The same principle is applied for reduce_pipe and filter_pipe.

ConstantInstanceVariables class

Sometimes, you want to force all instance variables to be constants or cannot be reassigned so that you guarantee that there is no place in you code changing those variables to avoid some bugs. This can be done by subclassing the class ConstantInstanceVariables.

For example, the following code:

from dpl.constant import ConstantInstanceVariables
class MyClass(ConstantInstanceVariables):
    def __init__(self, value):
        self._value = value
    def main(self):
        self._value = 1

MyClass(10).main()

will raise the error

ConstantError: Cannot rebind constant "_value"

as I am trying to rebind the instance variable self._value in the main method.

Converting return results into constant objects

When a function returns a tuple of results, the code using this result will need to know the position of each arguments in the tuple result. For example:

def add_1(x, y, x):
    x_prime = x + 1
    y_prime = y + 1
    z_prime = z + 1
    return x_prime, y_prime, z_prime

y_prime = add_1(1, 2, 3)[1]

It is much easier to use the result if we combine the result variables into an immutable object. For example:

from dpl.converter import vars_to_object
def add_1(x, y, z):
    x_prime = x + 1
    y_prime = y + 1
    z_prime = z + 1
    return vars_to_object(x_prime, y_prime, z_prime, local_dict=locals())

y_prime = add_1(1, 2, 3).y_prime

Remember to add the part local_dict=locals() when calling the function vars_to_object.

You can also convert a dictionary to an object or a zip pair. For example:

from dpl.converter import dict_to_object
def add_1(x, y, z):
    x_prime = x + 1
    y_prime = y + 1
    z_prime = z + 1
    return dict_to_object({
        'x_prime': x_prime,
        'y_prime': y_prime,
        'z_prime': z_prime
    })

y_prime = add_1(1, 2, 3).y_prime

or

from dpl.converter import zip_to_object
def add_1(x, y, z):
    x_prime = x + 1
    y_prime = y + 1
    z_prime = z + 1
    return zip_to_object(
        ('x_prime', 'y_prime', 'z_prime'),
        (x_prime, y_prime, z_prime))

y_prime = add_1(1, 2, 3).y_prime

Caching a function result

Sometimes, it is useful to cache the result of a heavily computing function (or instance method).

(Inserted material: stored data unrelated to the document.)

lemma abs_ln_diff_le:
  fixes a b m :: real
  assumes "0 < m" "m \<le> a" "m \<le> b"
  shows "\<bar>ln a - ln b\<bar> \<le> \<bar>a - b\<bar> / m"
proof -
  have "ln x - ln y \<le> \<bar>x - y\<bar> / m" if "m \<le> x" "m \<le> y" for x y
  proof -
    have "ln x - ln y = ln (x / y)"
      using that assms by (simp add: ln_div)
    also have "\<dots> \<le> x / y - 1"
      using that assms by (intro ln_le_minus_one) auto
    also have "\<dots> = (x - y) / y"
      using that assms by (simp add: field_simps)
    also have "\<dots> \<le> \<bar>x - y\<bar> / y"
      using that assms by (intro divide_right_mono) auto
    also have "\<dots> \<le> \<bar>x - y\<bar> / m"
      using that assms by (intro divide_left_mono) auto
    finally show ?thesis .
  qed
  from this[of a b] this[of b a] show ?thesis
    using assms by (simp add: abs_minus_commute)
qed

lemma self_div_power2_le: "real n / 2 ^ n \<le> 2 / real n"
proof -
  have "n\<^sup>2 \<le> 2 ^ (n + 1)"
  proof (induction n rule: less_induct)
    case (less n)
    show ?case
    proof (cases "n \<le> 3")
      case True
      then have "n \<in> {0, 1, 2, 3}"
        by auto
      then show ?thesis
        by auto
    next
      case False
      then obtain k where k: "n = Suc k" "3 \<le> k"
        by (cases n) auto
      have "3 * k \<le> k * k" "(Suc k)\<^sup>2 = k * k + 2 * k + 1" "2 * k\<^sup>2 = 2 * (k * k)"
        using k(2) by (simp_all add: power2_eq_square)
      then have "(Suc k)\<^sup>2 \<le> 2 * k\<^sup>2"
        using k(2) by linarith
      then show ?thesis
        using less[of k] k by simp
    qed
  qed
  then have "real (n\<^sup>2) \<le> real (2 ^ (n + 1))"
    by (simp only: of_nat_le_iff)
  then have "real n * real n \<le> 2 * 2 ^ n"
    by (simp add: power2_eq_square)
  then show ?thesis
    by (cases "n = 0") (simp_all add: field_simps)
qed

lemma prod_symmetric_split:
  fixes g :: "nat \<Rightarrow> 'a::comm_monoid_mult"
  assumes "1 \<le> q" and sym: "\<And>t. 0 < t \<Longrightarrow> t < q \<Longrightarrow> g (q - t) = g t"
  shows "(\<Prod>t = 1..q - 1. g t)
    = (\<Prod>t = 1..(q - 1) div 2. g t)\<^sup>2 * (if even q then g (q div 2) else 1)"
proof -
  define M where "M = (q - 1) div 2"
  define mid where "mid = (if even q then {q div 2} else {})"
  have q_cases: "q = 2 * M + 1 \<and> mid = {} \<or> q = 2 * M + 2 \<and> mid = {M + 1}"
  proof (cases "even q")
    case True
    then have "q = 2 * M + 2"
      using assms(1) unfolding M_def by presburger
    then show ?thesis
      using True by (simp add: mid_def)
  next
    case False
    then have "q = 2 * M + 1"
      using assms(1) unfolding M_def by presburger
    then show ?thesis
      using False by (simp add: mid_def)
  qed
  have reflect: "(\<lambda>t. q - t) ` {1..M} = {q - M..q - 1}"
  proof (intro equalityI subsetI)
    fix s assume "s \<in> {q - M..q - 1}"
    then have "s = q - (q - s)" "q - s \<in> {1..M}"
      using q_cases by auto
    then show "s \<in> (\<lambda>t. q - t) ` {1..M}"
      by blast
  qed (use q_cases in auto)
  have "inj_on (\<lambda>t. q - t) {1..M}"
    using q_cases by (auto simp: inj_on_def)
  then have "(\<Prod>t \<in> {q - M..q - 1}. g t) = (\<Prod>t = 1..M. g (q - t))"
    unfolding reflect[symmetric] by (simp add: prod.reindex)
  also have "\<dots> = (\<Prod>t = 1..M. g t)"
    using q_cases by (intro prod.cong) (auto intro!: sym)
  finally have right: "(\<Prod>t \<in> {q - M..q - 1}. g t) = (\<Prod>t = 1..M. g t)" .
  have "{1..q - 1} = ({1..M} \<union> {q - M..q - 1}) \<union> mid"
    using q_cases by auto
  then have "(\<Prod>t = 1..q - 1. g t) = (\<Prod>t \<in> {1..M} \<union> {q - M..q - 1}. g t) * (\<Prod>t \<in> mid. g t)"
    by (simp only:) (rule prod.union_disjoint, use q_cases in auto)
  also have "(\<Prod>t \<in> {1..M} \<union> {q - M..q - 1}. g t) = (\<Prod>t = 1..M. g t) * (\<Prod>t \<in> {q - M..q - 1}. g t)"
    by (rule prod.union_disjoint) (use q_cases in auto)
  finally show ?thesis
    unfolding right M_def[symmetric] by (simp add: mid_def power2_eq_square)
qed

lemma sum_by_parts:
  fixes a g :: "nat \<Rightarrow> 'a::comm_ring"
  shows "(\<Sum>t = 1..m. a t * g t)
    = (\<Sum>s = 1..m. a s) * g m + (\<Sum>t = 1..m - 1. (\<Sum>s = 1..t. a s) * (g t - g (t + 1)))"
proof (induction m)
  case (Suc m)
  have "(\<Sum>t = 1..m. (\<Sum>s = 1..t. a s) * (g t - g (t + 1)))
      = (\<Sum>t = 1..m - 1. (\<Sum>s = 1..t. a s) * (g t - g (t + 1))) + (\<Sum>s = 1..m. a s) * (g m - g (m + 1))"
    by (cases m) (simp_all add: sum.cl_ivl_Suc)
  with Suc show ?case
    by (simp add: sum.cl_ivl_Suc algebra_simps)
qed simp

lemma abs_prod_diff_le_sum:
  fixes a b :: "'i \<Rightarrow> real"
  assumes "finite I" "\<And>i. i \<in> I \<Longrightarrow> a i \<in> {0..1} \<and> b i \<in> {0..1}"
  shows "\<bar>(\<Prod>i\<in>I. a i) - (\<Prod>i\<in>I. b i)\<bar> \<le> (\<Sum>i\<in>I. \<bar>a i - b i\<bar>)"
  using assms
proof (induction I rule: finite_induct)
  case (insert j I)
  let ?A = "\<Prod>i\<in>I. a i" and ?B = "\<Prod>i\<in>I. b i"
  have "0 \<le> ?B" "?B \<le> 1" "a j \<in> {0..1}"
    using insert by (auto intro: prod_nonneg prod_le_1)
  have "a j * ?A - b j * ?B = a j * (?A - ?B) + (a j - b j) * ?B"
    by (simp add: algebra_simps)
  then have "\<bar>a j * ?A - b j * ?B\<bar> \<le> \<bar>a j\<bar> * \<bar>?A - ?B\<bar> + \<bar>a j - b j\<bar> * \<bar>?B\<bar>"
    by (metis abs_mult abs_triangle_ineq)
  also have "\<dots> \<le> 1 * \<bar>?A - ?B\<bar> + \<bar>a j - b j\<bar> * 1"
    using \<open>0 \<le> ?B\<close> \<open>?B \<le> 1\<close> \<open>a j \<in> {0..1}\<close> by (intro add_mono mult_mono) auto
  finally show ?case
    using insert by simp
qed simp

lemma sum_inverse_squares_tail_le:
  assumes "1 \<le> k"
  shows "(\<Sum>t = k + 1..m. 1 / real t ^ 2) \<le> 1 / real k"
proof (cases "k \<le> m")
  case True
  have "(\<Sum>t = k + 1..m. 1 / real t ^ 2) = (\<Sum>t = k..<m. 1 / real (Suc t) ^ 2)"
    by (rule sum.reindex_bij_witness[of _ Suc "\<lambda>t. t - 1"]) auto
  also have "\<dots> \<le> (\<Sum>t = k..<m. - 1 / real (Suc t) - - 1 / real t)"
  proof (rule sum_mono)
    fix t assume "t \<in> {k..<m}"
    then have "1 \<le> real t"
      using assms by simp
    then have "1 / real (Suc t) ^ 2 \<le> 1 / (real t * real (Suc t))"
      by (intro divide_left_mono) (auto simp: power2_eq_square)
    also have "\<dots> = - 1 / real (Suc t) - - 1 / real t"
      using \<open>1 \<le> real t\<close> by (simp add: field_simps)
    finally show "1 / real (Suc t) ^ 2 \<le> - 1 / real (Suc t) - - 1 / real t" .
  qed
  also have "\<dots> = 1 / real k - 1 / real m"
    using sum_Suc_diff'[OF True, of "\<lambda>t. - 1 / real t"] by simp
  also have "\<dots> \<le> 1 / real k"
    by simp
  finally show ?thesis .
qed simp
(* Let $1\le k<n$ and let $P,Q\in\mathbb{H}_n$ be rank-$k$ orthogonal projections. Then $\operatorname{span}_{\mathbb{R}}S^{\mathbb{H}}(P)=\operatorname{span}_{\mathbb{R}}S^{\mathbb{H}}(Q)$ if and only if either $P=Q$, or $n=2k$ and $P=I-Q$.
   Context: $\mathbb{H}_n$ is the real space of $n\times n$ Hermitian matrices. $w_k(A)=\max\{|\operatorname{tr}(AP)|: P=P^*=P^2,\operatorname{tr}P=k\}$. For a rank-$k$ orthogonal projection $P$, $S^{\mathbb{H}}(P)=\{B\in\mathbb{H}_n:\operatorname{tr}(BP)=w_k(B)\}$. *)

theory Defs
  imports "HOL-Analysis.Analysis"
begin

text \<open>Complex n x n matrices, with n = CARD('n).\<close>

definition hermitian :: "complex^'n^'n \<Rightarrow> bool" where
  "hermitian A \<longleftrightarrow> (\<forall>i j. A $ i $ j = cnj (A $ j $ i))"

definition mtrace :: "complex^'n^'n \<Rightarrow> complex" where
  "mtrace A = (\<Sum>i\<in>UNIV. A $ i $ i)"

definition orth_proj :: "nat \<Rightarrow> complex^'n^'n \<Rightarrow> bool" where
  "orth_proj k P \<longleftrightarrow> hermitian P \<and> P ** P = P \<and> mtrace P = of_nat k"

text \<open>The k-numerical radius w_k(A) = max |tr(AP)| over rank-k orthogonal projections
  (the maximum is attained, so it equals the supremum).\<close>
definition wk :: "nat \<Rightarrow> complex^'n^'n \<Rightarrow> real" where
  "wk k A = (SUP P\<in>{P. orth_proj k P}. cmod (mtrace (A ** P)))"

definition SH :: "nat \<Rightarrow> complex^'n^'n \<Rightarrow> (complex^'n^'n) set" where
  "SH k P = {B. hermitian B \<and> mtrace (B ** P) = complex_of_real (wk k B)}"

end

theory Submission imports Defs begin

text \<open>
  The span of \<open>S\<^sup>H(P)\<close> is exactly the commutant of \<open>P\<close> in \<open>\<bbbH>\<^sub>n\<close>.
  If a Hermitian \<open>B\<close> does not commute with \<open>P\<close>, there are unit vectors \<open>a \<in> ran P\<close>,
  \<open>b \<in> ker P\<close> with \<open>\<langle>b, B a\<rangle> \<noteq> 0\<close>; tilting \<open>a\<close> slightly towards \<open>b\<close> gives a rank-\<open>k\<close>
  projection \<open>R\<close> with \<open>tr(BR) > tr(BP)\<close>, so \<open>B \<notin> S\<^sup>H(P)\<close>. Conversely, if \<open>B\<close> commutes
  with \<open>P\<close>, then \<open>B + tP \<in> S\<^sup>H(P)\<close> for large \<open>t\<close>, and \<open>P \<in> S\<^sup>H(P)\<close>.
  If the commutant of \<open>Q\<close> is contained in that of \<open>P\<close>, then \<open>ran Q\<close> lies in \<open>ran P\<close> or in
  \<open>ker P\<close>: otherwise vectors \<open>x \<in> ran Q \<inter> ran P\<close>, \<open>y \<in> ran Q \<inter> ker P\<close> give
  \<open>x y\<^sup>* + y x\<^sup>*\<close>, which commutes with \<open>Q\<close> but not with \<open>P\<close>. Applied to \<open>Q\<close> and \<open>I - Q\<close>
  this leaves \<open>P \<in> {Q, I - Q, 0, I}\<close>, and \<open>0 < k < n\<close> excludes the last two.
\<close>

definition adj :: "complex^'n^'n \<Rightarrow> complex^'n^'n" where
  "adj A = (\<chi> i j. cnj (A$j$i))"

definition cinner :: "complex^'n \<Rightarrow> complex^'n \<Rightarrow> complex" where
  "cinner x y = (\<Sum>i\<in>UNIV. cnj (x$i) * y$i)"

definition outer :: "complex^'n \<Rightarrow> complex^'n \<Rightarrow> complex^'n^'n" where
  "outer x y = (\<chi> i j. x$i * cnj (y$j))"

definition entry_norm_sum :: "complex^'n^'n \<Rightarrow> real" where
  "entry_norm_sum B = (\<Sum>i\<in>UNIV. \<Sum>j\<in>UNIV. cmod (B$i$j))"

lemma hermitian_iff_adj: "hermitian A \<longleftrightarrow> adj A = A"
  unfolding hermitian_def adj_def vec_eq_iff by (simp add: eq_commute)

lemma adj_mult: "adj (A ** B) = adj B ** adj A"
  by (simp add: adj_def vec_eq_iff matrix_matrix_mult_def mult.commute)

lemma adj_add: "adj (A + B) = adj A + adj B"
  by (simp add: adj_def vec_eq_iff)

lemma adj_diff: "adj (A - B) = adj A - adj B"
  by (simp add: adj_def vec_eq_iff)

lemma adj_scaleR: "adj (c *\<^sub>R A) = c *\<^sub>R adj A"
  by (simp add: adj_def vec_eq_iff)

lemma adj_zero [simp]: "adj 0 = 0"
  by (simp add: adj_def vec_eq_iff)

lemma adj_mat1 [simp]: "adj (mat 1) = mat 1"
  by (simp add: adj_def vec_eq_iff mat_def)

lemma adj_outer: "adj (outer x y) = outer y x"
  by (simp add: adj_def vec_eq_iff outer_def)

lemma hermitian_add: "hermitian A \<Longrightarrow> hermitian B \<Longrightarrow> hermitian (A + B)"
  by (simp add: hermitian_iff_adj adj_add)

lemma hermitian_diff: "hermitian A \<Longrightarrow> hermitian B \<Longrightarrow> hermitian (A - B)"
  by (simp add: hermitian_iff_adj adj_diff)

lemma hermitian_scaleR: "hermitian A \<Longrightarrow> hermitian (c *\<^sub>R A)"
  by (simp add: hermitian_iff_adj adj_scaleR)

lemma hermitian_mat1: "hermitian (mat 1 :: complex^'n^'n)"
  by (simp add: hermitian_iff_adj)

lemma hermitian_zero: "hermitian (0 :: complex^'n^'n)"
  by (simp add: hermitian_def)

lemma hermitian_outer: "hermitian (outer x x)"
  by (simp add: hermitian_iff_adj adj_outer)

lemma matrix_diff_ldistrib: "(A::complex^'n^'n) ** (B - C) = A ** B - A ** C"
  by (simp add: matrix_matrix_mult_def vec_eq_iff sum_subtractf algebra_simps)

lemma matrix_diff_rdistrib: "((B::complex^'n^'n) - C) ** A = B ** A - C ** A"
  by (simp add: matrix_matrix_mult_def vec_eq_iff sum_subtractf algebra_simps)

lemma matrix_add_rdistrib: "((B::complex^'n^'n) + C) ** A = B ** A + C ** A"
  by (simp add: matrix_matrix_mult_def vec_eq_iff sum.distrib algebra_simps)

lemma mtrace_add: "mtrace (A + B) = mtrace A + mtrace B"
  by (simp add: mtrace_def sum.distrib)

lemma mtrace_diff: "mtrace (A - B) = mtrace A - mtrace B"
  by (simp add: mtrace_def sum_subtractf)

lemma mtrace_scaleR: "mtrace (c *\<^sub>R A) = of_real c * mtrace A"
  by (simp add: mtrace_def sum_distrib_left) (simp add: scaleR_conv_of_real)

lemma mtrace_mat1: "mtrace (mat 1 :: complex^'n^'n) = of_nat CARD('n)"
  by (simp add: mtrace_def mat_def)

lemma mtrace_adj: "mtrace (adj A) = cnj (mtrace A)"
  by (simp add: mtrace_def adj_def)

lemma mtrace_mult_commute: "mtrace (A ** B) = mtrace (B ** A)"
proof -
  have "mtrace (A ** B) = (\<Sum>i\<in>UNIV. \<Sum>j\<in>UNIV. A$i$j * B$j$i)"
    by (simp add: mtrace_def matrix_matrix_mult_def)
  also have "\<dots> = (\<Sum>j\<in>UNIV. \<Sum>i\<in>UNIV. A$i$j * B$j$i)"
    by (rule sum.swap)
  also have "\<dots> = mtrace (B ** A)"
    by (simp add: mtrace_def matrix_matrix_mult_def mult.commute)
  finally show ?thesis .
qed

lemma Im_mtrace_herm_mult:
  assumes "hermitian A" "hermitian B"
  shows "Im (mtrace (A ** B)) = 0"
proof -
  have "cnj (mtrace (A ** B)) = mtrace (adj (A ** B))"
    by (simp add: mtrace_adj)
  also have "\<dots> = mtrace (B ** A)"
    using assms by (simp add: adj_mult hermitian_iff_adj)
  also have "\<dots> = mtrace (A ** B)"
    by (rule mtrace_mult_commute)
  finally show ?thesis
    by (metis Reals_cnj_iff complex_is_Real_iff)
qed

lemma cinner_add_left: "cinner (x + y) z = cinner x z + cinner y z"
  by (simp add: cinner_def sum.distrib algebra_simps)

lemma cinner_add_right: "cinner z (x + y) = cinner z x + cinner z y"
  by (simp add: cinner_def sum.distrib algebra_simps)

lemma cinner_scale_left: "cinner (c *s x) y = cnj c * cinner x y"
  by (simp add: cinner_def sum_distrib_left mult_ac)

lemma cinner_scale_right: "cinner x (c *s y) = c * cinner x y"
  by (simp add: cinner_def sum_distrib_left mult_ac)

lemma cinner_commute: "cnj (cinner x y) = cinner y x"
  by (simp add: cinner_def mult.commute)

lemma cinner_zero_left [simp]: "cinner 0 x = 0"
  by (simp add: cinner_def)

lemma cinner_zero_right [simp]: "cinner x 0 = 0"
  by (simp add: cinner_def)
lemma link_chain_end:
  "\<exists>b. (link E x)\<^sup>*\<^sup>* i b \<and> (\<forall>c. \<not> link E x b c) \<and> label E x i = coord_rank x b"
proof (induction "coord_rank x i" arbitrary: i rule: less_induct)
  case less
  show ?case
  proof (cases "\<exists>j. link E x i j")
    case True
    then obtain j where j: "link E x i j" by blast
    then have "coord_rank x j < coord_rank x i"
      using link_less coord_rank_less_iff by blast
    then obtain b where "(link E x)\<^sup>*\<^sup>* j b" "\<forall>c. \<not> link E x b c" "label E x j = coord_rank x b"
      using less by blast
    then show ?thesis
      using j label_link[OF j] converse_rtranclp_into_rtranclp[of "link E x" i j] by metis
  next
    case False
    then show ?thesis
      using label_no_link[of E x i] by auto
  qed
qed

lemma link_reach_comparable:
  "(link E x)\<^sup>*\<^sup>* i b \<Longrightarrow> (link E x)\<^sup>*\<^sup>* j b \<Longrightarrow> (link E x)\<^sup>*\<^sup>* i j \<or> (link E x)\<^sup>*\<^sup>* j i"
proof (induction arbitrary: j rule: rtranclp_induct)
  case (step m b)
  from step.prems show ?case
  proof (cases rule: rtranclE[to_pred])
    case base
    then show ?thesis
      using step.hyps rtranclp.rtrancl_into_rtrancl by metis
  next
    case (step m')
    then have "m' = m"
      using link_left_unique \<open>link E x m b\<close> by metis
    then show ?thesis
      using step.IH step(1) by blast
  qed
qed simp
lemma poly_subst2_add_taylor:
  fixes p :: "'a::idom poly"
  obtains Q where "poly_subst2 p (a + d) = poly_subst2 p a + d * poly_subst2 (pderiv p) a + d * d * Q"
proof -
  obtain Q where "poly_subst2 p (a + d) - poly_subst2 p a - d * poly_subst2 (pderiv p) a = d * d * Q"
    using dvd_poly_add_taylor[of d "map_poly (\<lambda>c. [:[:c:]:]) p" a]
    by (auto simp: poly_subst2_def pderiv_map_poly_const2 elim!: dvdE)
  then show ?thesis
    by (intro that[of Q]) (simp add: algebra_simps)
qed

text \<open>\<open>f' + D * Q\<close> is a unit modulo \<open>(f, b\<^sup>K)\<close>: \<open>f'\<close> is a unit modulo \<open>f\<close>, and \<open>D\<close> is
  congruent to a multiple of the nilpotent \<open>b\<close>.\<close>

lemma ideal2_cancel_bezout:
  fixes D :: "'a::comm_ring_1"
  assumes bezout: "u * f + v * f' = 1"
    and D_G: "D - b * G \<in> ideal2 f (b ^ K)"
    and taylor: "D * f' + D * D * Q \<in> ideal2 f (b ^ K)"
  shows "D \<in> ideal2 f (b ^ K)"
proof -
  let ?I = "ideal2 f (b ^ K)"
  have "v * (D * f' + D * D * Q) + D * u * f \<in> ?I"
    by (rule ideal2_add[OF ideal2_mult_left[OF taylor] ideal2_mult_left[OF ideal2_left]])
  also have "v * (D * f' + D * D * Q) + D * u * f = D * (u * f + v * f') + D * D * (Q * v)"
    by (simp add: algebra_simps)
  finally have "D + D * D * (Q * v) \<in> ?I"
    by (simp add: bezout)
  then have "(D + D * D * (Q * v)) - D * (Q * v) * (D - b * G) \<in> ?I"
    by (intro ideal2_diff ideal2_mult_left D_G)
  also have "(D + D * D * (Q * v)) - D * (Q * v) * (D - b * G) = D * (1 - b * (- G * Q * v))"
    by (simp add: algebra_simps)
  finally show ?thesis
    by (rule ideal2_cancel_unipotent)
qed

lemma poly_subst2_power_in_ideal2:
  "poly_subst2 P (var_x + var_y) ^ K \<in> ideal2 (poly_in_x P) (var_y ^ K)"
proof -
  obtain G where G: "poly_subst2 P (var_x + var_y) - poly_subst2 P var_x = var_y * G"
    using poly_subst2_add_diff_dvd[of var_y P var_x] by (elim dvdE)
  have "poly_in_x P dvd (var_y * G + poly_in_x P) ^ K - (var_y * G) ^ K"
    using dvd_poly_add_diff[of "poly_in_x P" "monom 1 K" "var_y * G"] by (simp add: poly_monom)
  then obtain R where R: "(var_y * G + poly_in_x P) ^ K - (var_y * G) ^ K = poly_in_x P * R"
    by (elim dvdE)
  have "poly_subst2 P (var_x + var_y) = var_y * G + poly_in_x P"
    using G by (simp add: poly_subst2_var_x algebra_simps)
  also have "(var_y * G + poly_in_x P) ^ K = R * poly_in_x P + G ^ K * var_y ^ K"
    using R by (simp add: power_mult_distrib algebra_simps eq_diff_eq)
  finally show ?thesis
    unfolding ideal2_iff by blast
qed

lemma hensel_lift_sum:
  fixes P :: "'k::field poly"
  assumes bezout: "u * P + v * pderiv P = 1"
  shows "\<exists>h. poly_subst2 h (var_x + var_y) - var_x \<in> ideal2 (poly_in_x P) (var_y ^ K)"
proof -
  let ?I = "ideal2 (poly_in_x P) (var_y ^ K)"
  obtain h where h_X: "P dvd h - [:0, 1:]" and P_h: "P ^ Suc K dvd pcompose P h"
    using newton_iteration[OF bezout] by blast
  define D where "D = poly_subst2 h (var_x + var_y) - var_x"
  obtain G where "poly_subst2 h (var_x + var_y) - poly_subst2 h var_x = var_y * G"
    using poly_subst2_add_diff_dvd[of var_y h var_x] by (elim dvdE)
  moreover obtain q where "h - [:0, 1:] = P * q"
    using h_X by (elim dvdE)
  then have "poly_subst2 h var_x - var_x = poly_in_x q * poly_in_x P"
    by (subst poly_subst2_var_x)
      (simp add: var_x_poly_in_x mult.commute flip: poly_in_x_diff poly_in_x_mult)
  ultimately have "D - var_y * G = poly_in_x q * poly_in_x P"
    by (simp add: D_def algebra_simps)
  then have D_G: "D - var_y * G \<in> ?I"
    by (simp add: ideal2_mult_left)
  obtain Q where Q: "poly_subst2 P (var_x + D) = poly_in_x P + D * poly_in_x (pderiv P) + D * D * Q"
    using poly_subst2_add_taylor[of P var_x D] by (auto simp: poly_subst2_var_x)
  have "P ^ K dvd P ^ Suc K"
    by (rule le_imp_power_dvd) simp
  then have "P ^ K dvd pcompose P h"
    using P_h by (rule dvd_trans)
  then obtain g where "pcompose P h = P ^ K * g"
    by (elim dvdE)
  then have "poly_subst2 P (var_x + D) \<in> ?I"
    by (simp add: D_def poly_subst2_mult poly_subst2_power ideal2_mult_right
        poly_subst2_power_in_ideal2 flip: poly_subst2_pcompose)
  from ideal2_diff[OF this ideal2_left] have taylor: "D * poly_in_x (pderiv P) + D * D * Q \<in> ?I"
    by (simp add: Q)
  have "poly_in_x u * poly_in_x P + poly_in_x v * poly_in_x (pderiv P) = 1"
    using arg_cong[OF bezout, of poly_in_x] by (simp add: poly_in_x_add poly_in_x_mult poly_in_x_1)
  from ideal2_cancel_bezout[OF this D_G taylor] have "D \<in> ?I" .
  then show ?thesis
    unfolding D_def by blast
qed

You can cache a function result by using the decorator dpl.cache.func_cache as follows:

from dpl.cache import func_cache
@func_cache
def add_1(x):
    print(f'calling add_1 on x={x}')
    return x + 1

for i in range(3):
    y = add_1(1)
    print(f'i = {i}, y = {y}')

You will see the following result:

calling add_1 on x=1
i = 0, y = 2
i = 1, y = 2
i = 2, y = 2

which means the function add_1 is called to compute the result for x=1 only once.